GOAL OF THE EXERCISE - Please transcribe exactly, and only, the lines of the data below between the line holding "add: divide_le_eq mult.commute)" and the line holding "1) * (real j", inclusive.

───── DATA LISTING ─────

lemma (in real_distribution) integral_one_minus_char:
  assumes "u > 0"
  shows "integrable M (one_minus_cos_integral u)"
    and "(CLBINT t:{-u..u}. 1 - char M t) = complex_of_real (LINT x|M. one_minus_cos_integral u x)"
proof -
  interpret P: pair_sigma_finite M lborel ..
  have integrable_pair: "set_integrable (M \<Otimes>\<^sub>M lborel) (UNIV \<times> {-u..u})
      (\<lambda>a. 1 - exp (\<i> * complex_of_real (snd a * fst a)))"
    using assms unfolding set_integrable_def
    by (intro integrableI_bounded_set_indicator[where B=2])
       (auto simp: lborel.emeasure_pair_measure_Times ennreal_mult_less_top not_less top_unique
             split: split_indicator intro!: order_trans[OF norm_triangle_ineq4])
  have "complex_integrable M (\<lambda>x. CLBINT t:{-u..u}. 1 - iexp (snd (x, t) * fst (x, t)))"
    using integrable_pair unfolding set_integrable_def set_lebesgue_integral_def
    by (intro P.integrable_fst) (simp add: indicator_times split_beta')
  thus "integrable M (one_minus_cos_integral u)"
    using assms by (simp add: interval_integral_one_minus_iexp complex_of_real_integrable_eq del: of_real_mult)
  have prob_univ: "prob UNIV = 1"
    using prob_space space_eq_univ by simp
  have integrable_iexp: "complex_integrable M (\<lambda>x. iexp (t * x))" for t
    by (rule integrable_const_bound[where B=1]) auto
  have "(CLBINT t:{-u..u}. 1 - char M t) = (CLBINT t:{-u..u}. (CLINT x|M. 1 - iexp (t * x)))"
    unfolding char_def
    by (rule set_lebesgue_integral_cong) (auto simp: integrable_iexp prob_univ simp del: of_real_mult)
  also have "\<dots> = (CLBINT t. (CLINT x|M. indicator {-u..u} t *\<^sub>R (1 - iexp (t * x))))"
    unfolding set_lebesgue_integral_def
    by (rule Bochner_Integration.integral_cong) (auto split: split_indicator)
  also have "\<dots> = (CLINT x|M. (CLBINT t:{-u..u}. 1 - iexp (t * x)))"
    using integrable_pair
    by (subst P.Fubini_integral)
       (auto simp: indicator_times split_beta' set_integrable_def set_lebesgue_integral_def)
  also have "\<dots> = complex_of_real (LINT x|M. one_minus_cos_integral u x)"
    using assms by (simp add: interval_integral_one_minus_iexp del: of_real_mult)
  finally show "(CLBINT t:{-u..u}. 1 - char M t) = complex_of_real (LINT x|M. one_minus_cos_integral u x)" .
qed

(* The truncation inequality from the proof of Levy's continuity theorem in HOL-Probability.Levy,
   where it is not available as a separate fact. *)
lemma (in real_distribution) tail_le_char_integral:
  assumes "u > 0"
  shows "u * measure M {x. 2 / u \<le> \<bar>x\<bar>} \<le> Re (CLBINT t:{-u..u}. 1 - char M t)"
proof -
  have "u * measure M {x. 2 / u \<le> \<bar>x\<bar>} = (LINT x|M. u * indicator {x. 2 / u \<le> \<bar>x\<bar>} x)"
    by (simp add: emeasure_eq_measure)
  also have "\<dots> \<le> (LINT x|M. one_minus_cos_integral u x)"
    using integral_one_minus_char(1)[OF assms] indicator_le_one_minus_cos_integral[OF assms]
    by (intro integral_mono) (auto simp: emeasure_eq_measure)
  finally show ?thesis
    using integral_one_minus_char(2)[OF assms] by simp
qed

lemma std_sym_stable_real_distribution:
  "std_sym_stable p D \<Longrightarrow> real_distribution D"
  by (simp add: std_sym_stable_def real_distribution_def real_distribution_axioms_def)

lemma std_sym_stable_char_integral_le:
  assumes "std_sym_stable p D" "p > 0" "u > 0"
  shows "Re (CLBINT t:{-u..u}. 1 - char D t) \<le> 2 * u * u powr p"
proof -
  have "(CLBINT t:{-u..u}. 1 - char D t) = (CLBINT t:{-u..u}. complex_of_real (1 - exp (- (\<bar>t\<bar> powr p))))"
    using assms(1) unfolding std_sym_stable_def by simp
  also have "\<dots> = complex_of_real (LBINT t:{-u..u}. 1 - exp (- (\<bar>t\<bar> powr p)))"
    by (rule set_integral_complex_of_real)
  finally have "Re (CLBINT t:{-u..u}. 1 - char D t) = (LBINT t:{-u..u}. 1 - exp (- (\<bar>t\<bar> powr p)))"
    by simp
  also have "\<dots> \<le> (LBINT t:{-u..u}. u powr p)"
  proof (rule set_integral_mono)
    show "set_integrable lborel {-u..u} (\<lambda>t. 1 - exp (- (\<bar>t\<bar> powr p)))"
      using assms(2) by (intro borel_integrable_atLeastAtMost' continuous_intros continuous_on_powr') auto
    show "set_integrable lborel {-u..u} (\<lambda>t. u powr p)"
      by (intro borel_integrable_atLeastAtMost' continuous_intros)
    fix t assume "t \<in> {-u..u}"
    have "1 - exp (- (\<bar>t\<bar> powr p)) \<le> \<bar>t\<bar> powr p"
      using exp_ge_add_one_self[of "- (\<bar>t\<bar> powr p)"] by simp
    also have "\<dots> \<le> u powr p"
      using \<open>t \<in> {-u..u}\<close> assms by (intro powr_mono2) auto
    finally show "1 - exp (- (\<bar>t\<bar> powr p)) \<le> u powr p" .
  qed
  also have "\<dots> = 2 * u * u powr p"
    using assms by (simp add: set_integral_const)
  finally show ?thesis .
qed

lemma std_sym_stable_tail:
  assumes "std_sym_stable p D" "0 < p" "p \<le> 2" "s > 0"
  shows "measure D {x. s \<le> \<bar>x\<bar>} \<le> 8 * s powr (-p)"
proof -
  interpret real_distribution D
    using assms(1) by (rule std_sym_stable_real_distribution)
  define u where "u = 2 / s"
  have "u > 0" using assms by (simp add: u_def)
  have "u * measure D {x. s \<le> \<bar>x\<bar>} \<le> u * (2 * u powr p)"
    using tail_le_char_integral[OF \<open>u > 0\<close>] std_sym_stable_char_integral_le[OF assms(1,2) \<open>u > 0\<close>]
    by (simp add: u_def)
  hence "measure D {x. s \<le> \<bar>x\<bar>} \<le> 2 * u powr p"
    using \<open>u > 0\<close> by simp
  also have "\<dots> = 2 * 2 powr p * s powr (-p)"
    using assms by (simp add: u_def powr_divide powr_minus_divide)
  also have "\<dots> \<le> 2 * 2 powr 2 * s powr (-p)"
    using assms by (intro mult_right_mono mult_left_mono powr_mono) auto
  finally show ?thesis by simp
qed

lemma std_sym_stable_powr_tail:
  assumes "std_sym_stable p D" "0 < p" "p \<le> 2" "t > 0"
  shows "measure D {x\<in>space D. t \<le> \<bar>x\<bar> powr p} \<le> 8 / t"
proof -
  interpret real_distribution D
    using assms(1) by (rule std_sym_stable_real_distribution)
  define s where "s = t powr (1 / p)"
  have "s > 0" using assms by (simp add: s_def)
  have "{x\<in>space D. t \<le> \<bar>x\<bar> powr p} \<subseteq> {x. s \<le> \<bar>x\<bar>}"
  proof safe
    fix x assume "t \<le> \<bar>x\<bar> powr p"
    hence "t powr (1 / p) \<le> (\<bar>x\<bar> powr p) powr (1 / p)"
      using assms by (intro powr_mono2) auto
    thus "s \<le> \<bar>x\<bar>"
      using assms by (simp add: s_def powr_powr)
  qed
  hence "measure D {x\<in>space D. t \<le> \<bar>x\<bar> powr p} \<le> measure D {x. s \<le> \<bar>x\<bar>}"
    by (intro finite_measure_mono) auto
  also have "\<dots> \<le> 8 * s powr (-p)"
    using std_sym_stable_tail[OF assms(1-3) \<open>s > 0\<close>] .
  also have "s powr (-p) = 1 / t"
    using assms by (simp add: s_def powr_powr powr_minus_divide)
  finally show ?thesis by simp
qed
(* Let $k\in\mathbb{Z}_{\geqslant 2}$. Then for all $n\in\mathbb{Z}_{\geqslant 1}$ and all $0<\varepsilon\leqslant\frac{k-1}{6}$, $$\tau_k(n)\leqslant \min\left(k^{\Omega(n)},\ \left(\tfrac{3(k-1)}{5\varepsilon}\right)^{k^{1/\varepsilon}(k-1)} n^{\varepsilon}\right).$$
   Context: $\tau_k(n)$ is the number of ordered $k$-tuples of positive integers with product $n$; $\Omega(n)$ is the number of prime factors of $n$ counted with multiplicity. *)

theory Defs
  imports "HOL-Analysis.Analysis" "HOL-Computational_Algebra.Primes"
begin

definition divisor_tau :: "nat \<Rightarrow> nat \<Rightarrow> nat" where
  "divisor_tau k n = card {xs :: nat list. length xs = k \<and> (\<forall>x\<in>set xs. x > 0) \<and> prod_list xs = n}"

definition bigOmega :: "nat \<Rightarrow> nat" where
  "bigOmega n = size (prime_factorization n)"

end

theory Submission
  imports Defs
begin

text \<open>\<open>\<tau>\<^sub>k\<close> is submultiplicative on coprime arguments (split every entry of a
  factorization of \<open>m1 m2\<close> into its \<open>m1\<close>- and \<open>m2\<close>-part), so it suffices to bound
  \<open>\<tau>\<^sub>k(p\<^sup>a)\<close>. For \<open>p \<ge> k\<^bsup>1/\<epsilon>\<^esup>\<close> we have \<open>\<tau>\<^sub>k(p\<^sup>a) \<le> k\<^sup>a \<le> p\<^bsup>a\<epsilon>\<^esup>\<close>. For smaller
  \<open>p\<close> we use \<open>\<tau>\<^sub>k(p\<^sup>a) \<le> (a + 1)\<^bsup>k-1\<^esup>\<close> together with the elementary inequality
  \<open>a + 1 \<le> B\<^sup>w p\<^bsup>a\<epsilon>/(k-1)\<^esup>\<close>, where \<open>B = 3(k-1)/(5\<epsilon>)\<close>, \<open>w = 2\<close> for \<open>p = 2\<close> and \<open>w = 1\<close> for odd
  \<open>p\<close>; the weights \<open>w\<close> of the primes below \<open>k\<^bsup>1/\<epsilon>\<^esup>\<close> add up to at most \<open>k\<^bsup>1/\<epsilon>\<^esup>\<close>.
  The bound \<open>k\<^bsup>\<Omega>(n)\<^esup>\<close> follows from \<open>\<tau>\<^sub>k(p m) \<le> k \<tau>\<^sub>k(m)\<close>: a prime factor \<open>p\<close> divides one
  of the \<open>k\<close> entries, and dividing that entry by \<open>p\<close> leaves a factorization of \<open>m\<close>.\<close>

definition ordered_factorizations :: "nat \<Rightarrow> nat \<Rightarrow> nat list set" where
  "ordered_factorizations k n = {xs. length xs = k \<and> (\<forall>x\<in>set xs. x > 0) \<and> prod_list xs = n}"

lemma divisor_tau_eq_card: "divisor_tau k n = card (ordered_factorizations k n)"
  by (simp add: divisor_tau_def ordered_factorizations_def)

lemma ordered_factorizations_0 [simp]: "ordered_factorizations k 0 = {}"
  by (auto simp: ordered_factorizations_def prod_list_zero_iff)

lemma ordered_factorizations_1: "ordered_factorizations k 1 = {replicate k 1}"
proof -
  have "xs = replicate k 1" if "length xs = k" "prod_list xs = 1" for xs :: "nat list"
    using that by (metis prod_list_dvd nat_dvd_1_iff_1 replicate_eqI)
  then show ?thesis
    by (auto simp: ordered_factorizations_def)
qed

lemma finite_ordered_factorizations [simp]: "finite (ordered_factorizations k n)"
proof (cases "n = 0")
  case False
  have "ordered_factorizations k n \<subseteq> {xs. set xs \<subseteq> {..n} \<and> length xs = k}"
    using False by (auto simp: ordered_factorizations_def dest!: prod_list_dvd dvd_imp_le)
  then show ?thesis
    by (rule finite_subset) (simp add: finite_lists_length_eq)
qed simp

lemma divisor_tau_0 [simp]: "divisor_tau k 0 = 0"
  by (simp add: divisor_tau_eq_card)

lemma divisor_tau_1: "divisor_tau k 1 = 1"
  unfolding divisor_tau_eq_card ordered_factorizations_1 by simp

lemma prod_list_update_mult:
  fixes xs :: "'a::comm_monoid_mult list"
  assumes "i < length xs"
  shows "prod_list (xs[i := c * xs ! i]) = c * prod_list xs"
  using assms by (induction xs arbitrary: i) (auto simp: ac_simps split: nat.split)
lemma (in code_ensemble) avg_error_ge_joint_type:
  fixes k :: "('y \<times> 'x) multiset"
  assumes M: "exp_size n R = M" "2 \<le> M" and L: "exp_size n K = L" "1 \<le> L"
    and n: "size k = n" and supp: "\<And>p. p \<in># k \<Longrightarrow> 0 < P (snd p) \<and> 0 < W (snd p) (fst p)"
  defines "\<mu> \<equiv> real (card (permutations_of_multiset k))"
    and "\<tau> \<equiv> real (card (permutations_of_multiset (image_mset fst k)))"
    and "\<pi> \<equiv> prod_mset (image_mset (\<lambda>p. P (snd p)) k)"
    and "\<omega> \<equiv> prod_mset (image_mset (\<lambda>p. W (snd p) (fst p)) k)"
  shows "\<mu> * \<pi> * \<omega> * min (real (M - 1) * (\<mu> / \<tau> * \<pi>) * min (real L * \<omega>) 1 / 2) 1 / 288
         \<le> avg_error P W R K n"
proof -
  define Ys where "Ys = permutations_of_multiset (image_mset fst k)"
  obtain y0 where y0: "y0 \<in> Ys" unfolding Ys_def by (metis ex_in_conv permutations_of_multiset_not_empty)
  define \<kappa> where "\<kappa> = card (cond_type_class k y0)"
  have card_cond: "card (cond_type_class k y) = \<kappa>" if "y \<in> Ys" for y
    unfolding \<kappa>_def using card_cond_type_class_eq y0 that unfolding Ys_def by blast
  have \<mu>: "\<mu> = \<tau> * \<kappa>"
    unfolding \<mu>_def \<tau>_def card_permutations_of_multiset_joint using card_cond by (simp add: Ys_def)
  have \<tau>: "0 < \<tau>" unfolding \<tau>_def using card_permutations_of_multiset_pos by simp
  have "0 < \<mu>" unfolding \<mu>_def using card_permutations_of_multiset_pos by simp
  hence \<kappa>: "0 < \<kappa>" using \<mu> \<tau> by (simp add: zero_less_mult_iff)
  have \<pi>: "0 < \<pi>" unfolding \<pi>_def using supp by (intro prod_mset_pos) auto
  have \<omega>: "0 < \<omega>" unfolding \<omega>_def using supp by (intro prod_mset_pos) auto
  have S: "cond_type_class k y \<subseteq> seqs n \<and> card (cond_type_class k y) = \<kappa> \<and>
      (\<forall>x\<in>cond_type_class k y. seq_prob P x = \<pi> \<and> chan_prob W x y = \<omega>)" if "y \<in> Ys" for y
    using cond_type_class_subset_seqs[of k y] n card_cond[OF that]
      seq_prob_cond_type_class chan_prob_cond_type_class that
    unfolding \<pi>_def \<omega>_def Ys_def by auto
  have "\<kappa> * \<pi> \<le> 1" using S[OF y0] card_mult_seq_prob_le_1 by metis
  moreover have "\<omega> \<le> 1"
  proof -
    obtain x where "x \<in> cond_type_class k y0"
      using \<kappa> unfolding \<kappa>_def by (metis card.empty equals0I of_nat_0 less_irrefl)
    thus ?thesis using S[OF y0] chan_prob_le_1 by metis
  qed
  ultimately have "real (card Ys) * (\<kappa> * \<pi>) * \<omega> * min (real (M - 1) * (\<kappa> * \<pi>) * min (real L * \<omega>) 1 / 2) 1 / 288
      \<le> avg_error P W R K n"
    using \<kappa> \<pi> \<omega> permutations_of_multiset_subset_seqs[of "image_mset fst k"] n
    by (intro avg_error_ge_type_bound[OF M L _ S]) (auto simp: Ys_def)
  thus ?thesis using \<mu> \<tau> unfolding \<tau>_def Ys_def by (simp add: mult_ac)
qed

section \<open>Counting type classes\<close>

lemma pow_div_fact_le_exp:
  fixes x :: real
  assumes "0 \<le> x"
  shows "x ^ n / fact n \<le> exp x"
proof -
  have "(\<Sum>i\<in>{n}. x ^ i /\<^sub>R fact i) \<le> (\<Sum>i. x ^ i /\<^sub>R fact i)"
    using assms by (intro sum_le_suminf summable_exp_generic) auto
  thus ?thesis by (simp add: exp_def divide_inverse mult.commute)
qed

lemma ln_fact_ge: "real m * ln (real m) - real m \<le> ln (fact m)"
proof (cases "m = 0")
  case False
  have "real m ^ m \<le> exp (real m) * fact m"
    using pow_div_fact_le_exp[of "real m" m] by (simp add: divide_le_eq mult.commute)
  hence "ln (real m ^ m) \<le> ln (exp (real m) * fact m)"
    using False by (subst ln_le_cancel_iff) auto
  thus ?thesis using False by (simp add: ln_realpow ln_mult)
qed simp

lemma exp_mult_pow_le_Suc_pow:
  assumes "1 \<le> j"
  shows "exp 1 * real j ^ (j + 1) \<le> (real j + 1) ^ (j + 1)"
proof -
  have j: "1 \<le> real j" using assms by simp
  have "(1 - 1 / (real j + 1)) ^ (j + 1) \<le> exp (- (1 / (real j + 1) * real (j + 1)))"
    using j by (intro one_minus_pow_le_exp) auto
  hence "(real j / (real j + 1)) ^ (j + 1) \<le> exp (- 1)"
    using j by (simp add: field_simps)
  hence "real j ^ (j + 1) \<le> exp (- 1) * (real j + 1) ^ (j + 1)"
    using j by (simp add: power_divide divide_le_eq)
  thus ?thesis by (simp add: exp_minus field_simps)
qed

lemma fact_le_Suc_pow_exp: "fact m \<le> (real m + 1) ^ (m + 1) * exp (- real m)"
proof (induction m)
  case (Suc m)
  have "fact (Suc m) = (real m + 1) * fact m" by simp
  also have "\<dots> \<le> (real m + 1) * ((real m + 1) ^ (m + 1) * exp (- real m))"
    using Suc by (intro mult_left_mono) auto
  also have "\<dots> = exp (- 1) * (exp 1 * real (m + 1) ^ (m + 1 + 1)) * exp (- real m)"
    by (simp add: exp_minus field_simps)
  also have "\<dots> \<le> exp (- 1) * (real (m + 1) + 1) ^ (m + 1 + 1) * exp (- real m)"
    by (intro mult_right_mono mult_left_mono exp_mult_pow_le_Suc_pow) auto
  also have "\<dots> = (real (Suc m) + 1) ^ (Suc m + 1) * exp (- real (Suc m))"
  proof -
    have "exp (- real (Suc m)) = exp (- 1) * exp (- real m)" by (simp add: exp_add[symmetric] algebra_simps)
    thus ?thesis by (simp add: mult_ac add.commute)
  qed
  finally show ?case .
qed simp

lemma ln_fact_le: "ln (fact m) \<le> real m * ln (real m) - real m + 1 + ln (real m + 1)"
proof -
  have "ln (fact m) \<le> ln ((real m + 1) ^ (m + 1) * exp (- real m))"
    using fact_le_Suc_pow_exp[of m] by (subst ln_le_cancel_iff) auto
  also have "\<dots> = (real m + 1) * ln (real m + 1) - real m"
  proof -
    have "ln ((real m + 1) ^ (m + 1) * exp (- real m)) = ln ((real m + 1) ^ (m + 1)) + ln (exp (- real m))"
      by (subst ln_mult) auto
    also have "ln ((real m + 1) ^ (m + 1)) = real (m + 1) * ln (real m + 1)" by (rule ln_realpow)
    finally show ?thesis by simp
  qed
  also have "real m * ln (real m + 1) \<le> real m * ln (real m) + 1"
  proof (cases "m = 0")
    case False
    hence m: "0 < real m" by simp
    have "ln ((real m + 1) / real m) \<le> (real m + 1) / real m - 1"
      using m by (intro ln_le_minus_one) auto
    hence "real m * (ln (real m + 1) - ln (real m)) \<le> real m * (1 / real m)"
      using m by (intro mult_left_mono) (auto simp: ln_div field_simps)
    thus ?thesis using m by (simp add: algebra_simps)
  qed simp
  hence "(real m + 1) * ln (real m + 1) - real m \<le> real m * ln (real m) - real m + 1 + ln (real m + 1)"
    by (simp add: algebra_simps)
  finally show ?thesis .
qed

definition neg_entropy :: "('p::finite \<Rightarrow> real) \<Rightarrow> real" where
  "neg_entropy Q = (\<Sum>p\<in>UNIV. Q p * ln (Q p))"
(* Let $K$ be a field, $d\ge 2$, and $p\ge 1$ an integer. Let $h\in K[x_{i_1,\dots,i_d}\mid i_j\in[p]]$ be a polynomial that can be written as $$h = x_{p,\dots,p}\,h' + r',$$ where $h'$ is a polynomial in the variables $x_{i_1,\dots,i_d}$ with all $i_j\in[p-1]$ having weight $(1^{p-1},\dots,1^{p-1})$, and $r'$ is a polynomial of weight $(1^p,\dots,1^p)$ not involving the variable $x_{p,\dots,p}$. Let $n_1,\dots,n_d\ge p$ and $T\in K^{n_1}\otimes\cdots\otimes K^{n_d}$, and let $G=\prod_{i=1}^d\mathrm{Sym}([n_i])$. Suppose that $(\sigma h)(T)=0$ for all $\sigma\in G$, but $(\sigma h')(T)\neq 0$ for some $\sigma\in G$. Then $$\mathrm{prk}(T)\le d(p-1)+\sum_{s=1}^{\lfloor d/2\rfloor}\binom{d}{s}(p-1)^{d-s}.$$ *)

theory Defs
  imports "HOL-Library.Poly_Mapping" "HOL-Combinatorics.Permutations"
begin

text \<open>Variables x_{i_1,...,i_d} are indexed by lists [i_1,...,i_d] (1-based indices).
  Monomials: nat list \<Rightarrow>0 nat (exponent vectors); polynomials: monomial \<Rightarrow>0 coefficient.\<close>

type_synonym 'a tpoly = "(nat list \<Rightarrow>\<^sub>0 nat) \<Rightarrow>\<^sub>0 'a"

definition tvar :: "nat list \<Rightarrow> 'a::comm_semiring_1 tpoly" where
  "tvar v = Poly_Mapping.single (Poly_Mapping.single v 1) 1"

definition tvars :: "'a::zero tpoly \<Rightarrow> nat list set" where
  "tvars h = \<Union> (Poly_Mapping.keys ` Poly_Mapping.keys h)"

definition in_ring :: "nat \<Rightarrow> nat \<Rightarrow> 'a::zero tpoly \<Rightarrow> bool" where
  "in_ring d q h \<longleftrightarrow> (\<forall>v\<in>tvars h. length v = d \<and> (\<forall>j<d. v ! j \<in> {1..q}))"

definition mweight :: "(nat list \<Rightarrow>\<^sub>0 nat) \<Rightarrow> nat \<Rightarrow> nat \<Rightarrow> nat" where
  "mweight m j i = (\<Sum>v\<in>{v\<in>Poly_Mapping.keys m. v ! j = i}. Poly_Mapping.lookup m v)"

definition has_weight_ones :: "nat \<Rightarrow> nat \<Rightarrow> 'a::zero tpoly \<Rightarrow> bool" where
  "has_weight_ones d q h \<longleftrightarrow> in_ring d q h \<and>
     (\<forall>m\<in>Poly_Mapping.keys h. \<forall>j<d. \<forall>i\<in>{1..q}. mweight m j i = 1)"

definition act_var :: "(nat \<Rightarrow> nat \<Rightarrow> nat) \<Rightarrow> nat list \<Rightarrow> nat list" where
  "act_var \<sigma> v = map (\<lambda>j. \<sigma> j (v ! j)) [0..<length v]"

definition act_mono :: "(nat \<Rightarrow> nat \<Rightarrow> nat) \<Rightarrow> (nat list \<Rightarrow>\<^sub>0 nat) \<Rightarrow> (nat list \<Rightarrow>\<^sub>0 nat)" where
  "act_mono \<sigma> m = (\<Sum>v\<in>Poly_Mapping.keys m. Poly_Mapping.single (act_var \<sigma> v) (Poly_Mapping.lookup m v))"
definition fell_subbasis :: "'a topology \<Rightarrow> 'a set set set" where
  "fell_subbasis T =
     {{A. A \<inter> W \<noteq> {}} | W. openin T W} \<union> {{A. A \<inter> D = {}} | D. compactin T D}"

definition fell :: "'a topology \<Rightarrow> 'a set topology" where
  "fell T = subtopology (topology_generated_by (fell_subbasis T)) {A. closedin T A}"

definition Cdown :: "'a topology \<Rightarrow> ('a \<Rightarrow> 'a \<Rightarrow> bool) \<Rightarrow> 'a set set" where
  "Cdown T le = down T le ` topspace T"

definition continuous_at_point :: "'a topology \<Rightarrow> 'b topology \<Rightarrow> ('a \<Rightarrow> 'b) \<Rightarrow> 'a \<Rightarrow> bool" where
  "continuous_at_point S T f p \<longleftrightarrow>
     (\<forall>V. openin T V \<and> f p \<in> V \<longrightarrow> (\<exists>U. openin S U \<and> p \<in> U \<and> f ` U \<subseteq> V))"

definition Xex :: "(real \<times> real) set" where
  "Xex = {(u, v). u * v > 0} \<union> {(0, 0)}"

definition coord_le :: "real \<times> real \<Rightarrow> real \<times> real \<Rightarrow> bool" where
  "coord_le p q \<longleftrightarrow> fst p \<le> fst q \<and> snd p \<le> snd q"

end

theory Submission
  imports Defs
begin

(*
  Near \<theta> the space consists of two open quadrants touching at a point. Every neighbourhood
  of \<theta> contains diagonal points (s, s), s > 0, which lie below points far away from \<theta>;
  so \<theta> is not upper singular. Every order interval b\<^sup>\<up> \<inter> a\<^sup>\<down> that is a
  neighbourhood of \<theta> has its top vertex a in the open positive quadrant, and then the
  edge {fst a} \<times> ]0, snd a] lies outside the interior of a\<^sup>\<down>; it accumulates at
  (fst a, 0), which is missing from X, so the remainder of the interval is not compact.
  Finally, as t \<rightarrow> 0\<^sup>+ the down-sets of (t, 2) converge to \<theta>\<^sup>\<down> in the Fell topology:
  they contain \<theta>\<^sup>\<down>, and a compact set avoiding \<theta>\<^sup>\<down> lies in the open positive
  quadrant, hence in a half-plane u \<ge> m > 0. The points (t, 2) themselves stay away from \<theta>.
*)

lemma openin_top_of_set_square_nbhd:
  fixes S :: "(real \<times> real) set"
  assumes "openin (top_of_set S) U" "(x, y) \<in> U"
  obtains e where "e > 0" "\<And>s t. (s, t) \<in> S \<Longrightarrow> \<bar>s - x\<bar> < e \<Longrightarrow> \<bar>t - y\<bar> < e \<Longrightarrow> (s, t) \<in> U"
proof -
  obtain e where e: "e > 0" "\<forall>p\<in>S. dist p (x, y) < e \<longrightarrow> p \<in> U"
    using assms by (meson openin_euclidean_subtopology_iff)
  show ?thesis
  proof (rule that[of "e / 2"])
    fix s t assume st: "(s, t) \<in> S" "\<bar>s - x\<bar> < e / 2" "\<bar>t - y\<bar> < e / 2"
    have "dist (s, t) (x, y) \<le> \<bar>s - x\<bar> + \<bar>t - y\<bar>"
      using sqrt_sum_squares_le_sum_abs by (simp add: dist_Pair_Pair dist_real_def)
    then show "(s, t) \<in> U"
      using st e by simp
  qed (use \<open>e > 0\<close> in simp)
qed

─────

OUTPUT FOR THIS TASK -
    using pow_div_fact_le_exp[of "real m" m] by (simp add: divide_le_eq mult.commute)
  hence "ln (real m ^ m) \<le> ln (exp (real m) * fact m)"
    using False by (subst ln_le_cancel_iff) auto
  thus ?thesis using False by (simp add: ln_realpow ln_mult)
qed simp

lemma exp_mult_pow_le_Suc_pow:
  assumes "1 \<le> j"
  shows "exp 1 * real j ^ (j + 1) \<le> (real j + 1) ^ (j + 1)"
proof -
  have j: "1 \<le> real j" using assms by simp
  have "(1 - 1 / (real j + 1)) ^ (j + 1) \<le> exp (- (1 / (real j + 1) * real (j + 1)))"
    using j by (intro one_minus_pow_le_exp) auto
  hence "(real j / (real j + 1)) ^ (j + 1) \<le> exp (- 1)"
    using j by (simp add: field_simps)
  hence "real j ^ (j + 1) \<le> exp (- 1) * (real j + 1) ^ (j + 1)"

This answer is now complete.